Hi,

Subject: [PATCH 1/2] slab allocator

diff --git a/src/backend/replication/logical/reorderbuffer.c 
b/src/backend/replication/logical/reorderbuffer.c
index 6ad7e7d..520f295 100644
--- a/src/backend/replication/logical/reorderbuffer.c
+++ b/src/backend/replication/logical/reorderbuffer.c

I'd rather have that in a separate followup commit...


+ * IDENTIFICATION
+ *       src/backend/utils/mmgr/slab.c
+ *
+ *
+ *     The constant allocation size allows significant simplification and 
various
+ *     optimizations that are not possible in AllocSet. Firstly, we can get rid
+ *     of the doubling and carve the blocks into chunks of exactly the right 
size
+ *     (plus alignment), not wasting memory.

References to AllocSet aren't necessarily a good idea, they'll quite
possibly get out of date. The argument can be quite easily be made
without referring to a concrete reference to behaviour elsewhere.

+ *
+ *     At the context level, we use 'freelist' array to track blocks grouped by
+ *     number of free chunks. For example freelist[0] is a list of completely 
full
+ *     blocks, freelist[1] is a block with a single free chunk, etc.

Hm. Those arrays are going to be quite large for small allocations w/
big blocks (an imo sensible combination). Maybe it'd make more sense to
model it as a linked list of blocks? Full blocks are at one end, empty
ones at the other?


+ *     About MEMORY_CONTEXT_CHECKING:
+ *
+ *     Since we usually round request sizes up to the next power of 2, there
+ *     is often some unused space immediately after a requested data
area.

I assume the "round up" stuff is copy-paste?
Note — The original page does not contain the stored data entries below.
theorem RTA_coverage:
  assumes run: "RTA_result scans J c Q \<alpha> P" and "finite Q"
    and pono: "PONO scans J c" and \<alpha>: "\<alpha> \<ge> 1" and c_nonneg: "\<And>p ob. c p ob \<ge> 0"
  shows "plan_for scans J q p' \<Longrightarrow> q \<subseteq> Q \<Longrightarrow>
    \<exists>ps\<in>P q. approx_dom (\<alpha> ^ card q) (c ps) (c p')"
proof (induction rule: plan_for.induct)
  case (scan s t)
  then have "Scan t s \<in> candidates scans J P {t}" unfolding candidates_def by auto
  then show ?case using RTA_covers_candidates[OF run _ _ \<alpha> c_nonneg] scan by simp
next
  case (comb j q1 q2 p1 p2)
  let ?q = "q1 \<union> q2" and ?\<beta> = "\<alpha> ^ (card (q1 \<union> q2) - 1)"
  have cards: "card ?q = card q1 + card q2" "card q1 > 0" "card q2 > 0"
    using card_disjoint_split[of q1 q2] comb.hyps(2-4) comb.prems \<open>finite Q\<close>
      finite_subset by blast+
  obtain s1 where s1: "s1 \<in> P q1" "approx_dom (\<alpha> ^ card q1) (c s1) (c p1)"
    using comb.IH(1) comb.prems by auto
  obtain s2 where s2: "s2 \<in> P q2" "approx_dom (\<alpha> ^ card q2) (c s2) (c p2)"
    using comb.IH(2) comb.prems by auto
  \<comment> \<open>both sub-plans are covered with the common precision \<alpha>^(|q|-1)\<close>
  have "\<alpha> ^ card q1 \<le> ?\<beta>" "\<alpha> ^ card q2 \<le> ?\<beta>"
    using \<alpha> cards by (auto intro: power_increasing)
  then have s1': "approx_dom ?\<beta> (c s1) (c p1)" and s2': "approx_dom ?\<beta> (c s2) (c p2)"
    using approx_dom_mono s1(2) s2(2) c_nonneg by blast+
  have "plan_for scans J q1 s1" "plan_for scans J q2 s2"
    using RTA_sound[OF run \<open>finite Q\<close>] s1(1) s2(1) comb.hyps(2,3) comb.prems by auto
  then have joined: "approx_dom ?\<beta> (c (Combine j s1 s2)) (c (Combine j p1 p2))"
    using PONO_combine[OF pono _ comb.hyps(1)] comb.hyps(5,6) s1' s2' \<alpha> by simp
  \<comment> \<open>the combination of the kept sub-plans is a candidate, covered up to one more \<alpha>\<close>
  have "Combine j s1 s2 \<in> candidates scans J P ?q"
    using cards comb.hyps(1-4) s1(1) s2(1) unfolding candidates_def by auto
  then obtain ps where ps: "ps \<in> P ?q" "approx_dom \<alpha> (c ps) (c (Combine j s1 s2))"
    using RTA_covers_candidates[OF run comb.prems _ \<alpha> c_nonneg] comb.hyps(2) by blast
  have "approx_dom (\<alpha> * ?\<beta>) (c ps) (c (Combine j p1 p2))"
    using approx_dom_trans[OF ps(2) joined] \<alpha> by simp
  moreover have "\<alpha> * ?\<beta> = \<alpha> ^ card ?q"
    using cards by (simp add: power_eq_if)
  ultimately show ?case using ps(1) by auto
qed
lemma Hfun_lower_bound:
  assumes "1 < a^2" "0 \<le> M" "c^2 \<le> 1" "0 \<le> B" "0 \<le> y"
  shows "- (y + B) \<le> Hfun a L c M B w y"
proof -
  have "0 \<le> ((a + L)^2)^w * y" using assms by simp
  moreover have "0 \<le> M / (a^2 - 1) * ((a^2)^w - 1)"
    using assms by (intro mult_nonneg_nonneg divide_nonneg_pos) (auto simp: one_le_power)
  moreover have "(c^2)^w * y \<le> y" using assms by (simp add: mult_left_le_one_le power_le_one)
  then have "max ((c^2)^w * y) B \<le> y + B" using assms by simp
  ultimately show ?thesis unfolding Hfun_def power_mult by linarith
qed

text \<open>The weight d^T (P1 E)^k P0^(theta-1) P1 delta_g of H(theta + k, x_(S_j)^2) in J: the probability,
  under the nominal policy, that the next reception happens exactly at S_j + theta + k.\<close>

definition reception_weight ::
    "nat \<Rightarrow> real mat \<Rightarrow> real mat \<Rightarrow> real vec \<Rightarrow> nat \<Rightarrow> nat \<Rightarrow> nat \<Rightarrow> real" where
  "reception_weight n P0 P1 e \<theta> g k =
     dvec n e \<bullet> (((P1 * Emat n e) ^\<^sub>m k * P0 ^\<^sub>m (\<theta> - 1) * P1) *\<^sub>v unit_vec n g)"

lemma reception_weight_nonneg:
  assumes "col_stochastic n P0" "col_stochastic n P1" "\<forall>i<n. 0 \<le> e $ i \<and> e $ i \<le> 1"
  shows "0 \<le> reception_weight n P0 P1 e \<theta> g k"
proof -
  have P: "P0 \<in> carrier_mat n n" "P1 \<in> carrier_mat n n" "nonneg_mat P0" "nonneg_mat P1"
    using assms(1,2) by (auto simp: col_stochastic_def nonneg_mat_def)
  have E: "Emat n e \<in> carrier_mat n n" "nonneg_mat (Emat n e)"
    using assms(3) by (auto simp: Emat_def nonneg_mat_def)
  have "nonneg_mat ((P1 * Emat n e) ^\<^sub>m k * P0 ^\<^sub>m (\<theta> - 1) * P1)"
    using P E by (intro nonneg_mat_mult nonneg_mat_pow[where n = n]) auto
  moreover have "nonneg_vec (unit_vec n g)" "nonneg_vec (dvec n e)"
    using assms(3) by (auto simp: nonneg_vec_def unit_vec_def dvec_def)
  ultimately show ?thesis
    unfolding reception_weight_def using P E
    by (intro nonneg_scalar_prod nonneg_mult_mat_vec) (auto simp: dvec_def)
qed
+ *     Thus, if someone makes the common error of writing past what they've
+ *     requested, the problem is likely to go unnoticed ... until the day when
+ *     there *isn't* any wasted space, perhaps because of different memory
+ *     alignment on a new platform, or some other effect.  To catch this sort
+ *     of problem, the MEMORY_CONTEXT_CHECKING option stores 0x7E just beyond
+ *     the requested space whenever the request is less than the actual chunk
+ *     size, and verifies that the byte is undamaged when the chunk is freed.
+ *
+ *
+ *     About USE_VALGRIND and Valgrind client requests:
+ *
+ *     Valgrind provides "client request" macros that exchange information with
+ *     the host Valgrind (if any).  Under !USE_VALGRIND, memdebug.h stubs out
+ *     currently-used macros.
+ *
+ *     When running under Valgrind, we want a NOACCESS memory region both 
before
+ *     and after the allocation.  The chunk header is tempting as the preceding
+ *     region, but mcxt.c expects to able to examine the standard chunk header
+ *     fields.  Therefore, we use, when available, the requested_size field and
+ *     any subsequent padding.  requested_size is made NOACCESS before 
returning
+ *     a chunk pointer to a caller.  However, to reduce client request traffic,
+ *     it is kept DEFINED in chunks on the free list.
+ *
+ *     The rounded-up capacity of the chunk usually acts as a post-allocation
+ *     NOACCESS region.  If the request consumes precisely the entire chunk,
+ *     there is no such region; another chunk header may immediately follow.  
In
+ *     that case, Valgrind will not detect access beyond the end of the chunk.
+ *
+ *     See also the cooperating Valgrind client requests in mcxt.c.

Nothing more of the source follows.